▶ Problem statement
In the records that follow, the lines from the one containing "define u where" to the one containing "define e2 where", inclusive, are to be given again exactly.

▶ Supplied information
╭──
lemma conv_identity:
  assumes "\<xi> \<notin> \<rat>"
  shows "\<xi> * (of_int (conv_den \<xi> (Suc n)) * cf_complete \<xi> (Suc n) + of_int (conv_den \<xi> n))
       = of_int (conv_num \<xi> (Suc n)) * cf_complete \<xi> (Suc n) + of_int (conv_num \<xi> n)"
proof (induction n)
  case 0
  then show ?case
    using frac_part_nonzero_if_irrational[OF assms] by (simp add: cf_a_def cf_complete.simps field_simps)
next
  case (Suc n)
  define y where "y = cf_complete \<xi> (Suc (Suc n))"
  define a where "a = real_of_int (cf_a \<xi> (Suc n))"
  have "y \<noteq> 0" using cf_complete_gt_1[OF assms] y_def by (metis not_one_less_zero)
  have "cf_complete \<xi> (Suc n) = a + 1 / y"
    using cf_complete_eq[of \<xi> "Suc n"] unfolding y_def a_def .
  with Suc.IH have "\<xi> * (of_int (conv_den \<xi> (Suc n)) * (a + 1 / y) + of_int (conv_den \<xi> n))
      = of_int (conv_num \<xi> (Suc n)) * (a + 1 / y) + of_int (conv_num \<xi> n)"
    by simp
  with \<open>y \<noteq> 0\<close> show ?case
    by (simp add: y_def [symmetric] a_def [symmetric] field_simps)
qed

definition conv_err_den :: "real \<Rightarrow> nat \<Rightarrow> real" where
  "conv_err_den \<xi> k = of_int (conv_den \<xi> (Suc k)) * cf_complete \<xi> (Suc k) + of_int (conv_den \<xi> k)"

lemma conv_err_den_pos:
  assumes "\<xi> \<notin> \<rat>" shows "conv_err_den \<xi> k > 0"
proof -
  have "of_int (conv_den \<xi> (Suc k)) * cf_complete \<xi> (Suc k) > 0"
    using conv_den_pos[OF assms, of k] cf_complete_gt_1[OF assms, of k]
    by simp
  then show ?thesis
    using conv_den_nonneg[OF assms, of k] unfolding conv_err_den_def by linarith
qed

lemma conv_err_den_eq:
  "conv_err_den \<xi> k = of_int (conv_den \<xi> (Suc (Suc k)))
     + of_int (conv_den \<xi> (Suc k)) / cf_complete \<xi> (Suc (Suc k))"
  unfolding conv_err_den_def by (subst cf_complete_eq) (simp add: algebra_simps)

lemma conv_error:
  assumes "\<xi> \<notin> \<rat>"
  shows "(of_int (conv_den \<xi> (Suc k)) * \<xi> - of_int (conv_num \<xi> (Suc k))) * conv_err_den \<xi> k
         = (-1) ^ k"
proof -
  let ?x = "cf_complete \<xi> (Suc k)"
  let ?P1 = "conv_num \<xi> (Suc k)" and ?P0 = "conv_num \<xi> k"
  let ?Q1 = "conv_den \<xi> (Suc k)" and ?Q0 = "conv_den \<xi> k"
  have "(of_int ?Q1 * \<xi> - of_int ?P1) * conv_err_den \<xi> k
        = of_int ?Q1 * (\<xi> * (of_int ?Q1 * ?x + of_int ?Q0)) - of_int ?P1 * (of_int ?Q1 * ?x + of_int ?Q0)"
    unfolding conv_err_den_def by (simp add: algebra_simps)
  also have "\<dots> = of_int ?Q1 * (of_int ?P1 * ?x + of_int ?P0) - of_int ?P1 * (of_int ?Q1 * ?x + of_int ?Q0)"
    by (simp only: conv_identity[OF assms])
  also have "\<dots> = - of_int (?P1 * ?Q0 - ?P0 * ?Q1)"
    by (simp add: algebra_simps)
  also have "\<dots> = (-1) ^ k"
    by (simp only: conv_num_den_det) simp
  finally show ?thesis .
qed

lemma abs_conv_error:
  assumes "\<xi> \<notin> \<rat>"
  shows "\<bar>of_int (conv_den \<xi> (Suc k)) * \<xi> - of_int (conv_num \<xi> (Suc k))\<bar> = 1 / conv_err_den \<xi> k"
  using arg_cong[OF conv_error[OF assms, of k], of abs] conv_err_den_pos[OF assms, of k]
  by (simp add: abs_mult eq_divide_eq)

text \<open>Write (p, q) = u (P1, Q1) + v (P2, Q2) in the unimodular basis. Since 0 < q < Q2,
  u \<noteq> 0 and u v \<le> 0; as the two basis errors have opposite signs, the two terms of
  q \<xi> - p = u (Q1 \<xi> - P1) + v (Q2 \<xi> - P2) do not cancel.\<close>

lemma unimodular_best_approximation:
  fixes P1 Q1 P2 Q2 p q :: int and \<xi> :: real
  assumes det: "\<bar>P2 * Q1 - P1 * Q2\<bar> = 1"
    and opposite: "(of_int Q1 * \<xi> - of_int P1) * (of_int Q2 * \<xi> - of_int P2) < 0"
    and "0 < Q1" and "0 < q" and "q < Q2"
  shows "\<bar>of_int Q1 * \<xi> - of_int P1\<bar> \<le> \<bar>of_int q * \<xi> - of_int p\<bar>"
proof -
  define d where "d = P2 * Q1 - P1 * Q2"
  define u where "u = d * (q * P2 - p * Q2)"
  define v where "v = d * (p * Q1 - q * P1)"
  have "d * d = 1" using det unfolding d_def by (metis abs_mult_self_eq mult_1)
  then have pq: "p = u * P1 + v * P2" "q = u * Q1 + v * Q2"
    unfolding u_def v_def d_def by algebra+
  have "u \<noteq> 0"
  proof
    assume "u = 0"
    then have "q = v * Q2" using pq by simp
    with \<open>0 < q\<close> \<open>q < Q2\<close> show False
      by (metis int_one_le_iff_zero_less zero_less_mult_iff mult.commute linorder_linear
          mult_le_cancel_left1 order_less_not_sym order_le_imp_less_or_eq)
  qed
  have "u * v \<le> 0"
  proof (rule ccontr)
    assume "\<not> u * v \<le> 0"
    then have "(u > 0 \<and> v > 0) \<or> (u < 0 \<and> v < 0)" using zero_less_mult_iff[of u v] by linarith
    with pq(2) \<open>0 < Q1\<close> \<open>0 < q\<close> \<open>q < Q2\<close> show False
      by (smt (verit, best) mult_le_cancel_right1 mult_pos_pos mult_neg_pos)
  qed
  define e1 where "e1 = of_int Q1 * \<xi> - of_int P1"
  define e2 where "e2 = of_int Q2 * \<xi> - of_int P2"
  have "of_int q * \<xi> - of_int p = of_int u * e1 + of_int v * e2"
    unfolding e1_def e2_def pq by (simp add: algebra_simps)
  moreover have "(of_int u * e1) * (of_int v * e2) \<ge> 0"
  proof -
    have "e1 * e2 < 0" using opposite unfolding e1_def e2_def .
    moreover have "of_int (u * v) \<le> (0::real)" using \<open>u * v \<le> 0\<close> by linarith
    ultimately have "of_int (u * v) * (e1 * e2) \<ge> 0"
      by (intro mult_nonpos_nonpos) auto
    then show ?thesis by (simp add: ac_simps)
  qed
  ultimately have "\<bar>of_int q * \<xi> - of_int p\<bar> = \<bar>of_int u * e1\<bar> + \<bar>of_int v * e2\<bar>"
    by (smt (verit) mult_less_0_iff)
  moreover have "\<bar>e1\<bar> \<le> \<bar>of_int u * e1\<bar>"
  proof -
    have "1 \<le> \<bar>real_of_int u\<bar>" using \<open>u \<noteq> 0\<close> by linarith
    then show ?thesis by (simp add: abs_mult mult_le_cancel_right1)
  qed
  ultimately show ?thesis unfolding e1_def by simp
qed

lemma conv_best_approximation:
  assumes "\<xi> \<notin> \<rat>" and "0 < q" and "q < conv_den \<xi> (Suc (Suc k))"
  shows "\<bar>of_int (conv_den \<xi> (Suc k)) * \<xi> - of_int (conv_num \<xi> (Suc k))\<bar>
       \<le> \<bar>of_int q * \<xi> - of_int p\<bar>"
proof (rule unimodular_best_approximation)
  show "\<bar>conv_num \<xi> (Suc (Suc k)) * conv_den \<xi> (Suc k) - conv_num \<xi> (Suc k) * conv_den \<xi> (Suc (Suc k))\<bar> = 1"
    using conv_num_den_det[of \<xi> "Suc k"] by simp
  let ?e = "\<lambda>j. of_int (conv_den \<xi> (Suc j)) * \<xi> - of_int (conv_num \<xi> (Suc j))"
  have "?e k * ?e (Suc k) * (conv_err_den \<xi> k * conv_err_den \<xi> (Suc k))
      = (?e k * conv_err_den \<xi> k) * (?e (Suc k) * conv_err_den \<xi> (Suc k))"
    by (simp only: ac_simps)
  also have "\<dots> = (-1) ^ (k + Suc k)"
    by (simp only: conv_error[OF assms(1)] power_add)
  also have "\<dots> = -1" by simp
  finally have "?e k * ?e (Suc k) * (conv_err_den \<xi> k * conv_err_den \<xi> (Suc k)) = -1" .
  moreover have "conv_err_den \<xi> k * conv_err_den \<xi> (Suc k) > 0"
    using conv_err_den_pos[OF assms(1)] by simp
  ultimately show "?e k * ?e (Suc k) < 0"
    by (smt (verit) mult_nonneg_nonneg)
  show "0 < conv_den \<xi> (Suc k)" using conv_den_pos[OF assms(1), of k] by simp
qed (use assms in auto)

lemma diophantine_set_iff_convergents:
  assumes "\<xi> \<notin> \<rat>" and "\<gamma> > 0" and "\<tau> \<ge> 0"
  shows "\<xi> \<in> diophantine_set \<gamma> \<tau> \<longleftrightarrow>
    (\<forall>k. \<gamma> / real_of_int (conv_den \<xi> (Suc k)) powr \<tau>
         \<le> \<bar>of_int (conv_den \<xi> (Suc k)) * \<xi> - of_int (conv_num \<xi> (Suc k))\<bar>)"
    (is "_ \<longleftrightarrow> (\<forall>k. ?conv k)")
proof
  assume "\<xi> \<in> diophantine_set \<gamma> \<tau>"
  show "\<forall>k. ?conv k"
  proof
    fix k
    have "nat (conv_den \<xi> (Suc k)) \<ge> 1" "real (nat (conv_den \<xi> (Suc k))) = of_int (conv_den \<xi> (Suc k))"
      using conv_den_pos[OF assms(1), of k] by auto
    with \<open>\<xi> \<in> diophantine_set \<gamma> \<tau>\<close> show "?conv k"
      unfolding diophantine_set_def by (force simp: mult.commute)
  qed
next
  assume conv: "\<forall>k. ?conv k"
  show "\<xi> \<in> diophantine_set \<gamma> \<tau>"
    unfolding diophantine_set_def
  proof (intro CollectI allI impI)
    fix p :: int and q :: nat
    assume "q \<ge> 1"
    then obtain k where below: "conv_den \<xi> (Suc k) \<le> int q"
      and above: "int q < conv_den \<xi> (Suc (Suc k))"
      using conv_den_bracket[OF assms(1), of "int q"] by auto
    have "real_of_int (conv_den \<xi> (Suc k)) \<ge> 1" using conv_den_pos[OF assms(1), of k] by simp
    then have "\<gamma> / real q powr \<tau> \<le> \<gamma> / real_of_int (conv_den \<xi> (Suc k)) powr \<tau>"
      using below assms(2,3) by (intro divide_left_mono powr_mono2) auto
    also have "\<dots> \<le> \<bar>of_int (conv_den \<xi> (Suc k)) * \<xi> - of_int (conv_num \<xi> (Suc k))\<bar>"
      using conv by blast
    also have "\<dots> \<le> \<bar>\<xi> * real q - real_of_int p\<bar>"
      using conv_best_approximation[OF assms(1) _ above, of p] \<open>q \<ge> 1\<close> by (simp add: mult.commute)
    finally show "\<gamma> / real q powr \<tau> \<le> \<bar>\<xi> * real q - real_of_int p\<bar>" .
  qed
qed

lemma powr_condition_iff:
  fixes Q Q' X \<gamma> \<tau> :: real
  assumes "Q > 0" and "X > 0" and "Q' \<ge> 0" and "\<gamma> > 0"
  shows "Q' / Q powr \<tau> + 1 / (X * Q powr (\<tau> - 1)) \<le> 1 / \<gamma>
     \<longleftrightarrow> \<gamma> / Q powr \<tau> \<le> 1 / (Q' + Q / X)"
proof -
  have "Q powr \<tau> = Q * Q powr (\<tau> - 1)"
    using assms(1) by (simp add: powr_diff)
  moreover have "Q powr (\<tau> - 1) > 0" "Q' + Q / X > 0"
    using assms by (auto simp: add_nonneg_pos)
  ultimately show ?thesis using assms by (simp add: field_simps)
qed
╰──
▶ Answer below
  define u where "u = d * (q * P2 - p * Q2)"
  define v where "v = d * (p * Q1 - q * P1)"
  have "d * d = 1" using det unfolding d_def by (metis abs_mult_self_eq mult_1)
  then have pq: "p = u * P1 + v * P2" "q = u * Q1 + v * Q2"
    unfolding u_def v_def d_def by algebra+
  have "u \<noteq> 0"
  proof
    assume "u = 0"
    then have "q = v * Q2" using pq by simp
    with \<open>0 < q\<close> \<open>q < Q2\<close> show False
      by (metis int_one_le_iff_zero_less zero_less_mult_iff mult.commute linorder_linear
          mult_le_cancel_left1 order_less_not_sym order_le_imp_less_or_eq)
  qed
  have "u * v \<le> 0"
  proof (rule ccontr)
    assume "\<not> u * v \<le> 0"
    then have "(u > 0 \<and> v > 0) \<or> (u < 0 \<and> v < 0)" using zero_less_mult_iff[of u v] by linarith
    with pq(2) \<open>0 < Q1\<close> \<open>0 < q\<close> \<open>q < Q2\<close> show False
      by (smt (verit, best) mult_le_cancel_right1 mult_pos_pos mult_neg_pos)
  qed
  define e1 where "e1 = of_int Q1 * \<xi> - of_int P1"
  define e2 where "e2 = of_int Q2 * \<xi> - of_int P2"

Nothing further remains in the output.